(* Let $(X,d_X)$ be a discrete countable metric space, $Y$ a countable set, and $d_1,d_2$ two metrics on $X\sqcup Y$ with $d_1|_X=d_2|_X=d_X$ and $d_1|_Y=d_2|_Y$. Then $d_1$ and $d_2$ are coarsely equivalent if and only if $M_{Y,d_1}=M_{Y,d_2}$ (as subsets of $\mathbb B(H_X,H_Y)$).
   Context: $H_X=\ell^2(X)$, $H_Y=\ell^2(Y)$ with standard bases $\{\delta_x\}$, $\{\delta_y\}$. For a metric $d$ on $X\sqcup Y$ extending $d_X$, a bounded operator $T:H_X\to H_Y$ has propagation at most $L$ if $d(x,y)\ge L$ implies $(\delta_y,T\delta_x)=0$; $M_{Y,d}$ is the norm closure in $\mathbb B(H_X,H_Y)$ of bounded operators $H_X\to H_Y$ of finite propagation. Two metrics $d_1,d_2$ on a set $Z$ are coarsely equivalent if there is a monotonically increasing function $\varphi:[0,\infty)\to[0,\infty)$ with $\lim_{t\to\infty}\varphi(t)=\infty$ such that $d_1(z,z')\le\varphi(d_2(z,z'))$ and $d_2(z,z')\le\varphi(d_1(z,z'))$ for all $z,z'\in Z$. *)

theory Defs
  imports "HOL-Analysis.Analysis"
begin

definition is_metric :: "('z \<Rightarrow> 'z \<Rightarrow> real) \<Rightarrow> bool" where
  "is_metric d \<longleftrightarrow>
     (\<forall>z z'. 0 \<le> d z z') \<and> (\<forall>z z'. d z z' = 0 \<longleftrightarrow> z = z') \<and>
     (\<forall>z z'. d z z' = d z' z) \<and> (\<forall>z z' z''. d z z'' \<le> d z z' + d z' z'')"

definition discrete_metric :: "('z \<Rightarrow> 'z \<Rightarrow> real) \<Rightarrow> bool" where
  "discrete_metric d \<longleftrightarrow> (\<forall>z. \<exists>e>0. \<forall>z'. d z z' < e \<longrightarrow> z' = z)"

definition ell2 :: "('a \<Rightarrow> complex) set" where
  "ell2 = {f. (\<lambda>x. (norm (f x))\<^sup>2) summable_on UNIV}"
lemma coordinate_series_step:
  assumes m: "m < n + card (nonedges n E)"
    and sub: "subgroup (coordinate_series n E V m) (GGamma n E)"
  defines "H \<equiv> GGamma n E\<lparr>carrier := coordinate_series n E V m\<rparr>"
  shows "coordinate_series n E V (Suc m) \<lhd> H"
    and "cyclic_group (H Mod coordinate_series n E V (Suc m))"
    and "infinite (carrier (H Mod coordinate_series n E V (Suc m))) \<longleftrightarrow> m \<in> V \<or> n \<le> m"
proof -
  interpret H: group H unfolding H_def by (rule subgroup.subgroup_is_group[OF sub group_GGamma])
  have additive: "coordinate n E m (x \<otimes>\<^bsub>H\<^esub> y) = coordinate n E m x + coordinate n E m y"
    if "x \<in> carrier H" "y \<in> carrier H" for x y
    using coordinate_additive that by (simp add: H_def)
  have kernel: "{x \<in> carrier H. coordinate n E m x = 0} = coordinate_series n E V (Suc m)"
    by (simp add: H_def coordinate_series_Suc)
  show "coordinate_series n E V (Suc m) \<lhd> H"
    using H.int_kernel_normal[OF additive] kernel by simp
  have "cyclic_group (H Mod coordinate_series n E V (Suc m)) \<and>
      (infinite (carrier (H Mod coordinate_series n E V (Suc m))) \<longleftrightarrow> m \<in> V \<or> n \<le> m)"
  proof (cases "m \<in> V \<or> n \<le> m")
    case True
    then have "coordinate n E m ` carrier H = UNIV" using coordinate_surj[OF m] by (simp add: H_def)
    then show ?thesis using H.int_kernel_FactGroup_surj[OF additive] kernel True by simp
  next
    case False
    then have "coordinate n E m x = 0" if "x \<in> carrier H" for x
      using coordinate_zero[of m n V x E] False that by (simp add: H_def)
    then show ?thesis using H.int_kernel_FactGroup_zero[of "coordinate n E m"] kernel False by simp
  qed
  then show "cyclic_group (H Mod coordinate_series n E V (Suc m))"
    and "infinite (carrier (H Mod coordinate_series n E V (Suc m))) \<longleftrightarrow> m \<in> V \<or> n \<le> m"
    by simp_all
qed
lemma synchronized_fibres_connected:
  assumes sync: "synchronized X opX Y opY" and pq: "p \<in> X \<times> Y" "q \<in> X \<times> Y"
    and eq: "(component X opX (fst p), component Y opY (snd p)) =
             (component X opX (fst q), component Y opY (snd q))"
  shows "(p, q) \<in> conn (X \<times> Y) (prod_op opX opY)"
proof (rule conn_if_component_eq[OF pq(2)])
  show "component (X \<times> Y) (prod_op opX opY) p = component (X \<times> Y) (prod_op opX opY) q"
  proof (rule inj_onD)
    show "inj_on (triv_prod_map X opX Y opY) (triv_set (X \<times> Y) (prod_op opX opY))"
      using sync by (simp add: synchronized_def bij_betw_def)
    show "triv_prod_map X opX Y opY (component (X \<times> Y) (prod_op opX opY) p) =
        triv_prod_map X opX Y opY (component (X \<times> Y) (prod_op opX opY) q)"
      using pq eq by (simp add: triv_prod_map_component)
  qed (use pq in \<open>auto simp: triv_set_def component_def intro: quotientI\<close>)
qed
(* Suppose goods are perishable ($d=\infty$) and the inverse hazard rate $v\mapsto(1-F(v))/f(v)$ is non-increasing. Let $w,w'\in[0,1]$ with $w>w'$, and let $(\hat v^w_k)_k,K_w$ and $(\hat v^{w'}_k)_k,K_{w'}$ be the thresholds and maximal queue lengths defined in the context. Then there exists $\bar k\in\{1,2,\dots,\min\{K_{w'},K_w\}\}$ such that $\hat v^w_k\le\hat v^{w'}_k$ for all $k\le\bar k$, and $\hat v^w_k>\hat v^{w'}_k$ for all $k$ with $\bar k+1\le k\le\min\{K_{w'},K_w\}$.
   Context: Goods arrive by a Poisson process with rate $\mu>0$, buyers by an independent Poisson process with rate $\lambda>0$; values are i.i.d. from $F$ on $[0,1]$ with density $f>0$, $f$ absolutely continuous, $J(v)=v-\frac{1-F(v)}{f(v)}$ strictly increasing with $J(0)<0$; waiting cost $c>0$. A planner maximizes seller revenue plus $w\in[0,1]$ times buyers' net surplus; the optimal policy keeps the buyer ranked $k$-th in the queue iff his value is at least $\hat v^w_k$, where the thresholds are defined with the weighted virtual value $J_w(v):=v-(1-w)\frac{1-F(v)}{f(v)}$ as follows. Let $\rho(v):=\lambda[1-F(v)]/\mu$. $\hat v^w_1=J_w^{-1}(c/\mu)$ if $c/\mu<1$ and $\hat v^w_1=1$ otherwise; for $k\ge2$, if $\hat v^w_{k-1}<1$ and $\mu\int_{\hat v^w_{k-1}}^1\frac{J_w'(v)}{1+\rho(v)+\dots+\rho(v)^{k-1}}dv\ge c$, then $\hat v^w_k$ is the unique $x\in(\hat v^w_{k-1},1]$ with $\mu\int_{\hat v^w_{k-1}}^{x}\frac{J_w'(v)}{1+\rho(v)+\dots+\rho(v)^{k-1}}dv=c$; otherwise $\hat v^w_k=1$. $K_w$ is the number of $k$ with $\hat v^w_k<1$. *)

theory Defs
  imports "HOL-Analysis.Analysis"
begin

definition Jw :: "(real \<Rightarrow> real) \<Rightarrow> (real \<Rightarrow> real) \<Rightarrow> real \<Rightarrow> real \<Rightarrow> real" where
  "Jw F f w v = v - (1 - w) * (1 - F v) / f v"

text \<open>Derivative of J_w, written out: f is absolutely continuous with (a.e.) derivative g,
  F' = f, hence J_w' = 1 + (1-w) (1 + (1-F) g / f^2).\<close>
definition Jwd :: "(real \<Rightarrow> real) \<Rightarrow> (real \<Rightarrow> real) \<Rightarrow> (real \<Rightarrow> real) \<Rightarrow> real \<Rightarrow> real \<Rightarrow> real" where
  "Jwd F f g w v = 1 + (1 - w) * (1 + (1 - F v) * g v / (f v)\<^sup>2)"

definition rho :: "real \<Rightarrow> real \<Rightarrow> (real \<Rightarrow> real) \<Rightarrow> real \<Rightarrow> real" where
  "rho lam mu F v = lam * (1 - F v) / mu"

◆ What needs to be done ◆
What lines of the data include the word "carrier"? Copy each of them.

◆ Exercise solution ◆
  defines "H \<equiv> GGamma n E\<lparr>carrier := coordinate_series n E V m\<rparr>"
    and "infinite (carrier (H Mod coordinate_series n E V (Suc m))) \<longleftrightarrow> m \<in> V \<or> n \<le> m"
    if "x \<in> carrier H" "y \<in> carrier H" for x y
  have kernel: "{x \<in> carrier H. coordinate n E m x = 0} = coordinate_series n E V (Suc m)"
      (infinite (carrier (H Mod coordinate_series n E V (Suc m))) \<longleftrightarrow> m \<in> V \<or> n \<le> m)"
    then have "coordinate n E m ` carrier H = UNIV" using coordinate_surj[OF m] by (simp add: H_def)
    then have "coordinate n E m x = 0" if "x \<in> carrier H" for x
    and "infinite (carrier (H Mod coordinate_series n E V (Suc m))) \<longleftrightarrow> m \<in> V \<or> n \<le> m"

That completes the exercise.